_Required work_: Using the records that appear below, write out exactly the lines from the one with "define H where" through the one with "using mult_left_mono[OF B[of", keeping both end lines.

======== Entries supplied

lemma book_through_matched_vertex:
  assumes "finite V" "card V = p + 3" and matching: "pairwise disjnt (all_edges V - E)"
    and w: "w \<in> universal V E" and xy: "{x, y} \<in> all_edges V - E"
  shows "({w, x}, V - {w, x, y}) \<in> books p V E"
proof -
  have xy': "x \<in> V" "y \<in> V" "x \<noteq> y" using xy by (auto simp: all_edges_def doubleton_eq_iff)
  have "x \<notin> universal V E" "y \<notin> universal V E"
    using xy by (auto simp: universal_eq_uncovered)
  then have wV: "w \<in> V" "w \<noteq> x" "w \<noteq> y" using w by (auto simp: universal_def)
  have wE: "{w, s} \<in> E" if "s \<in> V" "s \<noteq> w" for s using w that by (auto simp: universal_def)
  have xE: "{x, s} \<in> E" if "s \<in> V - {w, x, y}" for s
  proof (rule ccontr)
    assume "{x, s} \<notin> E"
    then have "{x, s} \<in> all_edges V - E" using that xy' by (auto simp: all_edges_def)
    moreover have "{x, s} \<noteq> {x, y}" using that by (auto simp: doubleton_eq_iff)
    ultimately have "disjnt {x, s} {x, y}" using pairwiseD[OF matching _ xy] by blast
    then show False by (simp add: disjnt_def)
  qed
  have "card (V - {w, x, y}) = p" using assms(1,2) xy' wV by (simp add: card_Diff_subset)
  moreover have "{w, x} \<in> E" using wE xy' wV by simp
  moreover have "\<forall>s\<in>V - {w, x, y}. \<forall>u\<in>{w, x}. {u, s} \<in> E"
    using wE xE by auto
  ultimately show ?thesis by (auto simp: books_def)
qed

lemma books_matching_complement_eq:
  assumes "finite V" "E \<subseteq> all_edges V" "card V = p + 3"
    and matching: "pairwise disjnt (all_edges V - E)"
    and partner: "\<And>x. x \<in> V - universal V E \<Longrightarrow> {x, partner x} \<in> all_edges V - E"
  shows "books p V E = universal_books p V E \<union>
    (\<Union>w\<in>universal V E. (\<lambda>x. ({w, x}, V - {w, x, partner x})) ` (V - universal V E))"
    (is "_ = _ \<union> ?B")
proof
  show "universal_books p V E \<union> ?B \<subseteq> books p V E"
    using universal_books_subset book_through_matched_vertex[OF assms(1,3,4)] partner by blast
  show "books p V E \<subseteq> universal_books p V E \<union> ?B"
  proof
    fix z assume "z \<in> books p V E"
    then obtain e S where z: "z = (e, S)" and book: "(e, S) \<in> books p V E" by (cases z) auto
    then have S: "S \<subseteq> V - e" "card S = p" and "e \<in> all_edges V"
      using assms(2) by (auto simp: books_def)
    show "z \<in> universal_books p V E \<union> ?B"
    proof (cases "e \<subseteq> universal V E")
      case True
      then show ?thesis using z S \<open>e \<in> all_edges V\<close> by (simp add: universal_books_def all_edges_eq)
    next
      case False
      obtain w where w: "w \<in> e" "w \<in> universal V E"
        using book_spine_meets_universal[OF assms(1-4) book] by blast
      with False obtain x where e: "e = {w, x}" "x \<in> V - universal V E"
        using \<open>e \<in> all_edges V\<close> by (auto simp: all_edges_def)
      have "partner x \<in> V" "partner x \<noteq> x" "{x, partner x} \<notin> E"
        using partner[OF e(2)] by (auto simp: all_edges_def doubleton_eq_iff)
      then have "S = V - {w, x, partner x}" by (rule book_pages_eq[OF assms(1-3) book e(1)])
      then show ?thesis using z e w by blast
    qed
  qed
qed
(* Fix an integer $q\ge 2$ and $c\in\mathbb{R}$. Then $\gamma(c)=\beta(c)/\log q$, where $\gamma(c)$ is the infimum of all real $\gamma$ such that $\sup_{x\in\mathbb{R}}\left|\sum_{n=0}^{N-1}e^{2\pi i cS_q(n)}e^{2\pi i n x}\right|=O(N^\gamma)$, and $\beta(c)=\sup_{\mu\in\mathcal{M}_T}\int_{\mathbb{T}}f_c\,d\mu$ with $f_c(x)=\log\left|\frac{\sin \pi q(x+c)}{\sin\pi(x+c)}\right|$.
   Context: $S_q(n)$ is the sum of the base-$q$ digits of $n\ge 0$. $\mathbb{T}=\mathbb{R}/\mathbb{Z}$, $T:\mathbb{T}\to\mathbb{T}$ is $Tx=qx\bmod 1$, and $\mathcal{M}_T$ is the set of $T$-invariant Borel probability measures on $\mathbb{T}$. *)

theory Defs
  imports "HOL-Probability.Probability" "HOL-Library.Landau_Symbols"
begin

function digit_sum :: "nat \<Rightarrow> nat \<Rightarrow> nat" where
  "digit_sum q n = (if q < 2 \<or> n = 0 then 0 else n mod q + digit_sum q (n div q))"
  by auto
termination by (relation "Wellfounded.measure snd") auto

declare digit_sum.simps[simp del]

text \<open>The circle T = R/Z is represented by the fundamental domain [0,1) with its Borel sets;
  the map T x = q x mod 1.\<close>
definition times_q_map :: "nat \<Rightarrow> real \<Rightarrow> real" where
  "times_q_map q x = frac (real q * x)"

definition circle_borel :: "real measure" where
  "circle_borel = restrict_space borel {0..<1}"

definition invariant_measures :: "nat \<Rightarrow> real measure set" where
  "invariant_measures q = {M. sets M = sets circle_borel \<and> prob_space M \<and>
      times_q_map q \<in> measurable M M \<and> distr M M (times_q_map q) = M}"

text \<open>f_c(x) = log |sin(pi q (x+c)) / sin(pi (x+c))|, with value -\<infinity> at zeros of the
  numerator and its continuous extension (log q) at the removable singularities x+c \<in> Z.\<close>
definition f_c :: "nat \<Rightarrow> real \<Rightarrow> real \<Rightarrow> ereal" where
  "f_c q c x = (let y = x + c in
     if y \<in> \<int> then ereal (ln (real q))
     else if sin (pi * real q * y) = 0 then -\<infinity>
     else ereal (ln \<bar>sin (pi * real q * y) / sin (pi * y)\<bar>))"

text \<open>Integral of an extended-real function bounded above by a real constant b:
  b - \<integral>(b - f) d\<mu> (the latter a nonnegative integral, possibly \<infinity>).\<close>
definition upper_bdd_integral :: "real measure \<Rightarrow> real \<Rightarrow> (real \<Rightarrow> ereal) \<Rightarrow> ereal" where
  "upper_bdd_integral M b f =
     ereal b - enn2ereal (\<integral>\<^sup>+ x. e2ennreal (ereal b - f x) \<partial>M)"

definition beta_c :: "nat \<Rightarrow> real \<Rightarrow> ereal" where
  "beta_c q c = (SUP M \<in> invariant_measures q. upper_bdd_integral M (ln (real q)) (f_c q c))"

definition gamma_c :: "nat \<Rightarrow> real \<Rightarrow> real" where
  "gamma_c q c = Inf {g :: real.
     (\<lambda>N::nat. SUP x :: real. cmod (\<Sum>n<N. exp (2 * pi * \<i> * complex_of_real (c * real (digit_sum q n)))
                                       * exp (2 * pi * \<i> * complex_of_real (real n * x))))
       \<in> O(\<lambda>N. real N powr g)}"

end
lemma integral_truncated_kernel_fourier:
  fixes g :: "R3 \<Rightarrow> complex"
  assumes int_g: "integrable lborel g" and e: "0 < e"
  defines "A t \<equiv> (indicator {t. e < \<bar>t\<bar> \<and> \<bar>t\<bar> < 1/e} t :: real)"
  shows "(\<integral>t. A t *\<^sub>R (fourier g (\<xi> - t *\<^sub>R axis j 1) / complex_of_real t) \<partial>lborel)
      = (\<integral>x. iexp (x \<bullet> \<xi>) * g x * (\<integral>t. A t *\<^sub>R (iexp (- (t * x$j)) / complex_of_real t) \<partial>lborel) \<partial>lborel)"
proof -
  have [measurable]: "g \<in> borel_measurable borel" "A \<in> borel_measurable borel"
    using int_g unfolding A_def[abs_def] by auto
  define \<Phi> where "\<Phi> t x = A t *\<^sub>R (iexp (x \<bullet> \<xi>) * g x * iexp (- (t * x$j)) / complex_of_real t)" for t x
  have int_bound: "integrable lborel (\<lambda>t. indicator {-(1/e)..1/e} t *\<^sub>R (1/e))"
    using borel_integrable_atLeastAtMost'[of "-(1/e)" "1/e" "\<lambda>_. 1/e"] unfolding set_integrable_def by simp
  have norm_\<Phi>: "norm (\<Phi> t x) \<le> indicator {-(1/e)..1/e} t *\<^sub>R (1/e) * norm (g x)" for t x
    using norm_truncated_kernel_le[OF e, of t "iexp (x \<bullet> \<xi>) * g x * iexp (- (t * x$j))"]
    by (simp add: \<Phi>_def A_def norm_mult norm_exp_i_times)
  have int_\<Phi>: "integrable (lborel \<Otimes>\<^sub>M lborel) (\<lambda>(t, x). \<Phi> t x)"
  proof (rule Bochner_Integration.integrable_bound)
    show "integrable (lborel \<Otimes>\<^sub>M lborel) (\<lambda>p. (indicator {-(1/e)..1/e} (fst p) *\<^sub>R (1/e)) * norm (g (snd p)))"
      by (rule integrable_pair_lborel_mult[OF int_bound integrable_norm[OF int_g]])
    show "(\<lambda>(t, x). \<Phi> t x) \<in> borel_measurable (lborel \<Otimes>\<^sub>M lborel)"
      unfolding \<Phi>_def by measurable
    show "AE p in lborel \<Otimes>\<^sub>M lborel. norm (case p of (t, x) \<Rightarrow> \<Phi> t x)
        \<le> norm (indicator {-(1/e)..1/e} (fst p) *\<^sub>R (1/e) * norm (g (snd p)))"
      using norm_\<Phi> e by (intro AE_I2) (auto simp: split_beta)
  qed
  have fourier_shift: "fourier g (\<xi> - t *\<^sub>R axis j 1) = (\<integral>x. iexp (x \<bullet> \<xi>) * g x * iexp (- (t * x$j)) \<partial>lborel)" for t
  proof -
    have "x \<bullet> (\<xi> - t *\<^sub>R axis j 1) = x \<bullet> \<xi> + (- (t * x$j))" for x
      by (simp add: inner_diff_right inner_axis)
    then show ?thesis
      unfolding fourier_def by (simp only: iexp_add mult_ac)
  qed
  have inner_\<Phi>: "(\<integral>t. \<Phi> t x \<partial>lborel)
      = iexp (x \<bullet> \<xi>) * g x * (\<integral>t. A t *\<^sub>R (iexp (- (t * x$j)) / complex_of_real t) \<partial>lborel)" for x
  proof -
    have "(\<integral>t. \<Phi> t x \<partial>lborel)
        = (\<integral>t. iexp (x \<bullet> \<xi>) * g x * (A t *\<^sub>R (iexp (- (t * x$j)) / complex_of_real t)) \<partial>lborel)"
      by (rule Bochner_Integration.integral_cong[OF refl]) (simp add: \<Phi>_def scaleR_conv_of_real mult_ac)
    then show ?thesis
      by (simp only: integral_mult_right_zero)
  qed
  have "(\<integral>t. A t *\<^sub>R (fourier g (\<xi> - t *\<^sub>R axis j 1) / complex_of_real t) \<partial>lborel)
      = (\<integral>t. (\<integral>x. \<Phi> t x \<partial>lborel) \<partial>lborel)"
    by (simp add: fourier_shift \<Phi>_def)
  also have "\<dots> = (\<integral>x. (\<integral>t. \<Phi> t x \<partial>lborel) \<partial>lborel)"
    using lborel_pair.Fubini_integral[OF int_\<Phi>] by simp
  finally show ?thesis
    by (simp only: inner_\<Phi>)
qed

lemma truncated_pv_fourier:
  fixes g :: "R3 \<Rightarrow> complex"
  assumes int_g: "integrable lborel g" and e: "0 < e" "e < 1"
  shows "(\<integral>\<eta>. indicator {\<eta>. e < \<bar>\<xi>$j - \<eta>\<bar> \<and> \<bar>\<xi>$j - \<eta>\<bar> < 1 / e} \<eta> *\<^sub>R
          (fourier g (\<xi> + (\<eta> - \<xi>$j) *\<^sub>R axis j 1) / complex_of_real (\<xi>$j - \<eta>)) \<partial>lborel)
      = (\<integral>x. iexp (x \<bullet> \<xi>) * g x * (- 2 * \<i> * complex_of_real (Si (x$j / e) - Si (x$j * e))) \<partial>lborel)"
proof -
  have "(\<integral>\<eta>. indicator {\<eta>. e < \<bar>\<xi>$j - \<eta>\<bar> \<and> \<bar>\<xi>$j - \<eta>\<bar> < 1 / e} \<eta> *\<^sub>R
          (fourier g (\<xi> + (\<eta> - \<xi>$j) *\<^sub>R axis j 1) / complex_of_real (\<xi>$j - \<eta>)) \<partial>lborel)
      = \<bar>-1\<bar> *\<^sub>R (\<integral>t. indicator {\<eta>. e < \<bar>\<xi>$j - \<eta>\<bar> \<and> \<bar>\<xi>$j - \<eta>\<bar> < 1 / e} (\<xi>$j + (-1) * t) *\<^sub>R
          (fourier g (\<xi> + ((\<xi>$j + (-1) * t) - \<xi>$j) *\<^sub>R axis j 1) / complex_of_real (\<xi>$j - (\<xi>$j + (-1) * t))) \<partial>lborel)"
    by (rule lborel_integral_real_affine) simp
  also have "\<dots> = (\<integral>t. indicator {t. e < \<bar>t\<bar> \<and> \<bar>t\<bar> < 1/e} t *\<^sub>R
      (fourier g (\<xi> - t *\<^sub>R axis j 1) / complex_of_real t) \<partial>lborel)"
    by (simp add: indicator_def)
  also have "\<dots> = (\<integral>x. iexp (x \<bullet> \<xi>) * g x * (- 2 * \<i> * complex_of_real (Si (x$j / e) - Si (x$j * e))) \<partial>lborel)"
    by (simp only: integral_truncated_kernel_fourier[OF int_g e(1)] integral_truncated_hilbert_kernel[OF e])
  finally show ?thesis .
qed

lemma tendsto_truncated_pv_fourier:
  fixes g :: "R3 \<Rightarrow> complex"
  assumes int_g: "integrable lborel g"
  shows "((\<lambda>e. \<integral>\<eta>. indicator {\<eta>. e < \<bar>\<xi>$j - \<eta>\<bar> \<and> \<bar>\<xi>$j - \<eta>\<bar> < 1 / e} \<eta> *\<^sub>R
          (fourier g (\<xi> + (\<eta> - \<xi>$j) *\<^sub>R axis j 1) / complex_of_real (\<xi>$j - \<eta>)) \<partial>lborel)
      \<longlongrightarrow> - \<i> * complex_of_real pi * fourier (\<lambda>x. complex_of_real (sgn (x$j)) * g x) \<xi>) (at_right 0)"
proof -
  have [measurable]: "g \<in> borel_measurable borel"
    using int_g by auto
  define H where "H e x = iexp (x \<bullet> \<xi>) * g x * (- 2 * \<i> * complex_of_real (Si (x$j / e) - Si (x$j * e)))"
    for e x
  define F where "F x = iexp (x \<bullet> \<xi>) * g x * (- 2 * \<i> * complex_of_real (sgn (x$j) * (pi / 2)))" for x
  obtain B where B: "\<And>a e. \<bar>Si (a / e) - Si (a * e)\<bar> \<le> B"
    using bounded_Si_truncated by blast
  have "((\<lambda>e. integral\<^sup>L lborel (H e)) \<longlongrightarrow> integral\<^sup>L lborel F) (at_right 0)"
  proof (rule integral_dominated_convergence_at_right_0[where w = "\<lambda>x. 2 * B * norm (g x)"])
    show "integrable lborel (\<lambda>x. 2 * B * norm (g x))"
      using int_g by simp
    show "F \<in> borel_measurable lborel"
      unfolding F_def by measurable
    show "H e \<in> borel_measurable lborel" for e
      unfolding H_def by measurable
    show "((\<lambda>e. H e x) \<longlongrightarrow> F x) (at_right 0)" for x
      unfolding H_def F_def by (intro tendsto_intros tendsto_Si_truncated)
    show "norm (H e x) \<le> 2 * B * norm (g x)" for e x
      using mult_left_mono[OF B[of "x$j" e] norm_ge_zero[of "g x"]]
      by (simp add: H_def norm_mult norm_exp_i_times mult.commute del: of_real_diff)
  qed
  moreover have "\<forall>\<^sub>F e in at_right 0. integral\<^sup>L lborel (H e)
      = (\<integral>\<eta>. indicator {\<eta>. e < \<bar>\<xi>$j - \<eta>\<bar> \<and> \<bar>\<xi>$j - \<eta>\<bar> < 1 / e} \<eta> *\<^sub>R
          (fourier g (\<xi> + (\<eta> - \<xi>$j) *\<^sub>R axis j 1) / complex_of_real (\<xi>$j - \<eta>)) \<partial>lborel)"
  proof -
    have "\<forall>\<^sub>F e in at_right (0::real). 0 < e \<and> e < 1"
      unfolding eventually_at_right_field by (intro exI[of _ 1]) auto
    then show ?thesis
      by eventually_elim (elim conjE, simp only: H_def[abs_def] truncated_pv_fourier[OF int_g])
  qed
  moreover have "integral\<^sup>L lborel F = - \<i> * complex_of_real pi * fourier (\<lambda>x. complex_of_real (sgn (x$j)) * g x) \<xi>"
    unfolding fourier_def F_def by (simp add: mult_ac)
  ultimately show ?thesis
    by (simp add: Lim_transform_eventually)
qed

================

_Exercise response_:
  define H where "H e x = iexp (x \<bullet> \<xi>) * g x * (- 2 * \<i> * complex_of_real (Si (x$j / e) - Si (x$j * e)))"
    for e x
  define F where "F x = iexp (x \<bullet> \<xi>) * g x * (- 2 * \<i> * complex_of_real (sgn (x$j) * (pi / 2)))" for x
  obtain B where B: "\<And>a e. \<bar>Si (a / e) - Si (a * e)\<bar> \<le> B"
    using bounded_Si_truncated by blast
  have "((\<lambda>e. integral\<^sup>L lborel (H e)) \<longlongrightarrow> integral\<^sup>L lborel F) (at_right 0)"
  proof (rule integral_dominated_convergence_at_right_0[where w = "\<lambda>x. 2 * B * norm (g x)"])
    show "integrable lborel (\<lambda>x. 2 * B * norm (g x))"
      using int_g by simp
    show "F \<in> borel_measurable lborel"
      unfolding F_def by measurable
    show "H e \<in> borel_measurable lborel" for e
      unfolding H_def by measurable
    show "((\<lambda>e. H e x) \<longlongrightarrow> F x) (at_right 0)" for x
      unfolding H_def F_def by (intro tendsto_intros tendsto_Si_truncated)
    show "norm (H e x) \<le> 2 * B * norm (g x)" for e x
      using mult_left_mono[OF B[of "x$j" e] norm_ge_zero[of "g x"]]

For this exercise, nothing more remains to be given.